Pray to want what is freedom in reality. Who wants to be generous? Who wants to be patient? The fruits of the Spirit. Who wants self-control? Nobody likes to be told, “Control yourself.” If someone says of you that you are “controlled,” that means you are no fun, or you can’t access your emotions. It’s an insult, it’s feeling constricted. When Jesus rebukes his disciples on their desire for righteous judgment, he’s inviting them to freedom, to cross the boundary from the normal life of paying-back into the moving stream of love, joy, and peace.
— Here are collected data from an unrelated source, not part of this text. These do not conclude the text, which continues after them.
lemma continuous_on_matrix_vector_mult_pair:
  "continuous_on UNIV (\<lambda>p :: (real^'n^'m) \<times> (real^'n). fst p *v snd p)"
  unfolding matrix_vector_mult_def
  by (intro continuous_on_vec_lambda continuous_intros continuous_on_component)

lemma borel_measurable_matrix_vector_mult[measurable (raw)]:
  fixes f :: "'a \<Rightarrow> real^'n^'m" and g :: "'a \<Rightarrow> real^'n"
  assumes "f \<in> borel_measurable M" "g \<in> borel_measurable M"
  shows "(\<lambda>x. f x *v g x) \<in> borel_measurable M"
  using assms continuous_on_matrix_vector_mult_pair by (rule borel_measurable_continuous_Pair)

section \<open>Limit points and summability\<close>

lemma norm_diff_le_sum_steps:
  fixes v :: "nat \<Rightarrow> 'a::real_normed_vector"
  assumes step: "\<And>n. norm (v (Suc n) - v n) \<le> C * \<alpha> n" and "m \<le> n"
  shows "norm (v n - v m) \<le> C * sum \<alpha> {m..<n}"
proof -
  have "norm (v n - v m) = norm (\<Sum>i = m..<n. v (Suc i) - v i)"
    using \<open>m \<le> n\<close> by (simp add: sum_Suc_diff')
  also have "\<dots> \<le> (\<Sum>i = m..<n. C * \<alpha> i)" by (intro order_trans[OF norm_sum] sum_mono step)
  finally show ?thesis by (simp add: sum_distrib_left)
qed

lemma not_summable_obtain_first_exceeding:
  fixes \<alpha> :: "nat \<Rightarrow> real"
  assumes nonneg: "\<And>n. 0 \<le> \<alpha> n" and "\<not> summable \<alpha>"
  obtains K where "c \<le> sum \<alpha> {n0..<K}" "\<And>k. k < K \<Longrightarrow> sum \<alpha> {n0..<k} < c"
proof -
  have "\<exists>K. c \<le> sum \<alpha> {n0..<K}"
  proof (rule ccontr)
    assume "\<nexists>K. c \<le> sum \<alpha> {n0..<K}"
    then have tail: "sum \<alpha> {n0..<K} < c" for K by (meson not_le)
    have "sum \<alpha> {..<n} \<le> sum \<alpha> {..<n0} + c" for n
    proof -
      have "sum \<alpha> {..<n} \<le> sum \<alpha> {..<max n n0}" by (intro sum_mono2) (auto simp: nonneg)
      also have "\<dots> = sum \<alpha> {..<n0} + sum \<alpha> {n0..<max n n0}"
        by (simp add: lessThan_atLeast0 sum.atLeastLessThan_concat)
      finally show ?thesis using tail[of "max n n0"] by linarith
    qed
    then have "summable \<alpha>" by (intro summableI_nonneg_bounded nonneg)
    with \<open>\<not> summable \<alpha>\<close> show False ..
  qed
  then have "c \<le> sum \<alpha> {n0..<(LEAST K. c \<le> sum \<alpha> {n0..<K})}" by (rule LeastI_ex)
  moreover have "sum \<alpha> {n0..<k} < c" if "k < (LEAST K. c \<le> sum \<alpha> {n0..<K})" for k
    using not_less_Least[OF that] by simp
  ultimately show thesis by (rule that)
qed

text \<open>If \<open>h l > 0\<close>, then \<open>h > e\<close> on a ball around \<open>l\<close>. Since the steps are at most \<open>C \<alpha> n\<close> and
  \<open>\<Sum> \<alpha> = \<infinity>\<close>, after each late visit of the ball of half the radius the sequence stays in the ball
  until \<open>\<Sum> \<alpha>\<close> has grown by \<open>d / C\<close>, so \<open>\<Sum> \<alpha> n * h (v n)\<close> has arbitrarily late blocks of size
  at least \<open>e d / C\<close>.\<close>

lemma limit_point_zero_of_summable_weighted:
  fixes v :: "nat \<Rightarrow> 'a::real_normed_vector" and h :: "'a \<Rightarrow> real"
  assumes step: "\<And>n. norm (v (Suc n) - v n) \<le> C * \<alpha> n" and "0 < C"
    and \<alpha>_nonneg: "\<And>n. 0 \<le> \<alpha> n" and "\<not> summable \<alpha>"
    and h_nonneg: "\<And>x. 0 \<le> h x" and summable: "summable (\<lambda>n. \<alpha> n * h (v n))"
    and "isCont h l" and "limit_point v l"
  shows "h l = 0"
proof (rule ccontr)
  assume "h l \<noteq> 0"
  define e where "e = h l / 2"
  have "0 < e" using \<open>h l \<noteq> 0\<close> h_nonneg[of l] by (simp add: e_def)
  obtain \<delta> where "0 < \<delta>" and near: "\<And>x. dist x l < \<delta> \<Longrightarrow> e < h x"
  proof -
    obtain \<delta> where "0 < \<delta>" and close: "\<And>x. dist x l < \<delta> \<Longrightarrow> dist (h x) (h l) < e"
      using \<open>isCont h l\<close> \<open>0 < e\<close> unfolding continuous_at_eps_delta by blast
    have "e < h x" if "dist x l < \<delta>" for x
      using close[OF that] unfolding dist_real_def abs_diff_less_iff e_def by linarith
    with \<open>0 < \<delta>\<close> show thesis by (rule that)
  qed
  define d where "d = \<delta> / 2"
  have "0 < d" using \<open>0 < \<delta>\<close> by (simp add: d_def)
  have "0 < e * d / C" using \<open>0 < e\<close> \<open>0 < d\<close> \<open>0 < C\<close> by simp
  then obtain N where "\<forall>m\<ge>N. \<forall>n. norm (\<Sum>k = m..<n. \<alpha> k * h (v k)) < e * d / C"
    using summable unfolding summable_Cauchy by blast
  moreover have "0 \<le> (\<Sum>k = m..<n. \<alpha> k * h (v k))" for m n
    by (intro sum_nonneg mult_nonneg_nonneg \<alpha>_nonneg h_nonneg)
  ultimately have tail: "\<And>m n. N \<le> m \<Longrightarrow> (\<Sum>k = m..<n. \<alpha> k * h (v k)) < e * d / C"
    by simp
  obtain n0 where "N \<le> n0" "dist (v n0) l < d"
  proof -
    obtain r where "strict_mono r" "(v \<circ> r) \<longlonglongrightarrow> l"
      using \<open>limit_point v l\<close> unfolding limit_point_def by blast
    then obtain j0 where "\<And>j. j0 \<le> j \<Longrightarrow> dist (v (r j)) l < d"
      using \<open>0 < d\<close> unfolding lim_sequentially by auto
    moreover have "N \<le> r (max j0 N)"
      using seq_suble[OF \<open>strict_mono r\<close>, of "max j0 N"] by simp
    ultimately show thesis using that by simp
  qed
  obtain K where exceed: "d / C \<le> sum \<alpha> {n0..<K}" and below: "\<And>k. k < K \<Longrightarrow> sum \<alpha> {n0..<k} < d / C"
    using not_summable_obtain_first_exceeding[OF \<alpha>_nonneg \<open>\<not> summable \<alpha>\<close>] by blast
  have "\<alpha> k * e \<le> \<alpha> k * h (v k)" if "k \<in> {n0..<K}" for k
  proof -
    have "norm (v k - v n0) \<le> C * sum \<alpha> {n0..<k}"
      using that by (intro norm_diff_le_sum_steps step) simp
    also have "\<dots> < d" using below[of k] that \<open>0 < C\<close> by (simp add: field_simps)
    finally have "dist (v k) l < \<delta>"
      using \<open>dist (v n0) l < d\<close> dist_triangle[of "v k" l "v n0"] by (simp add: d_def dist_norm)
    then have "e \<le> h (v k)" using near less_imp_le by blast
    then show ?thesis using \<alpha>_nonneg[of k] by (rule mult_left_mono)
  qed
  then have "sum \<alpha> {n0..<K} * e \<le> (\<Sum>k = n0..<K. \<alpha> k * h (v k))"
    unfolding sum_distrib_right by (rule sum_mono)
  moreover have "e * d / C \<le> sum \<alpha> {n0..<K} * e"
    using exceed \<open>0 < e\<close> \<open>0 < C\<close> by (simp add: field_simps)
  ultimately show False using tail[OF \<open>N \<le> n0\<close>, of K] by linarith
qed

lemma summable_of_descent:
  fixes e E b :: "nat \<Rightarrow> real"
  assumes descent: "\<And>k. e k \<le> E k - E (Suc k) + b k"
    and "\<And>k. 0 \<le> e k" and "\<And>k. 0 \<le> b k" and "summable b" and lower: "\<And>k. B \<le> E k"
  shows "summable e"
proof (rule summableI_nonneg_bounded)
  fix N
  have "sum e {..<N} \<le> (\<Sum>k<N. E k - E (Suc k) + b k)" by (intro sum_mono descent)
  also have "\<dots> = E 0 - E N + sum b {..<N}" by (simp add: sum.distrib sum_lessThan_telescope')
  also have "\<dots> \<le> E 0 - B + suminf b"
    using lower[of N] sum_le_suminf[OF \<open>summable b\<close>, of "{..<N}"] \<open>\<And>k. 0 \<le> b k\<close> by force
  finally show "sum e {..<N} \<le> E 0 - B + suminf b" .
qed (fact \<open>\<And>k. 0 \<le> e k\<close>)

lemma AE_summable_of_summable_integrals:
  fixes s :: "nat \<Rightarrow> 'a \<Rightarrow> real"
  assumes [measurable]: "\<And>k. s k \<in> borel_measurable M"
    and nonneg: "\<And>k x. 0 \<le> s k x" and integrable: "\<And>k. integrable M (s k)"
    and "summable (\<lambda>k. \<integral>x. s k x \<partial>M)"
  shows "AE x in M. summable (\<lambda>k. s k x)"
proof -
  have "(\<integral>\<^sup>+x. (\<Sum>k. ennreal (s k x)) \<partial>M) = (\<Sum>k. \<integral>\<^sup>+x. ennreal (s k x) \<partial>M)"
    by (rule nn_integral_suminf) measurable
  also have "\<dots> = (\<Sum>k. ennreal (\<integral>x. s k x \<partial>M))"
    by (intro suminf_cong nn_integral_eq_integral integrable AE_I2 nonneg)
  also have "\<dots> = ennreal (\<Sum>k. \<integral>x. s k x \<partial>M)"
    by (intro suminf_ennreal2 integral_nonneg_AE AE_I2 nonneg assms(4))
  finally have "(\<integral>\<^sup>+x. (\<Sum>k. ennreal (s k x)) \<partial>M) \<noteq> \<infinity>" by simp
  then have "AE x in M. (\<Sum>k. ennreal (s k x)) \<noteq> \<infinity>"
    by (intro nn_integral_PInf_AE) measurable
  then show ?thesis by eventually_elim (auto intro: summable_suminf_not_top nonneg)
qed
We live on both sides of the boundary. The Kingdom side is fluid and dynamic, and it makes us nervous, while the normal side feels more solid and familiar. But the good news is that the two sides are unequal. On the Kingdom side, the fruit of the Spirit is successful and the works of the flesh are powerless. On the normal side the works of the flesh claim much success. But the fruits of the Spirit are no less powerful here as well, although in different ways, in ways that you can learn to recognize. It is his power that works on both sides of the boundary, and so you work it best by praying for it. And when you’re praying it’s like you’re breathing only on the one side, you’re breathing the fresh wind of that side instead of the stagnant air of this side. The breeze of the Spirit makes this urban jungle still a pleasant land.

Pray for what you desire, and pray so that you may desire what you pray for. Pray for that new job, if you desire it. And pray for faithfulness and gentleness and self-control, to desire to be faithful and gentle and self-controlled. Pray for patience, kindness, and generosity, so that you desire them. You pray for peace, you pray for joy, and you pray for love, to grow in your desire for them. The first fruit of the Spirit is love. You grow your love for others out of the love God has for you. You love God back with the love God has for you. The first way to love God is to pray.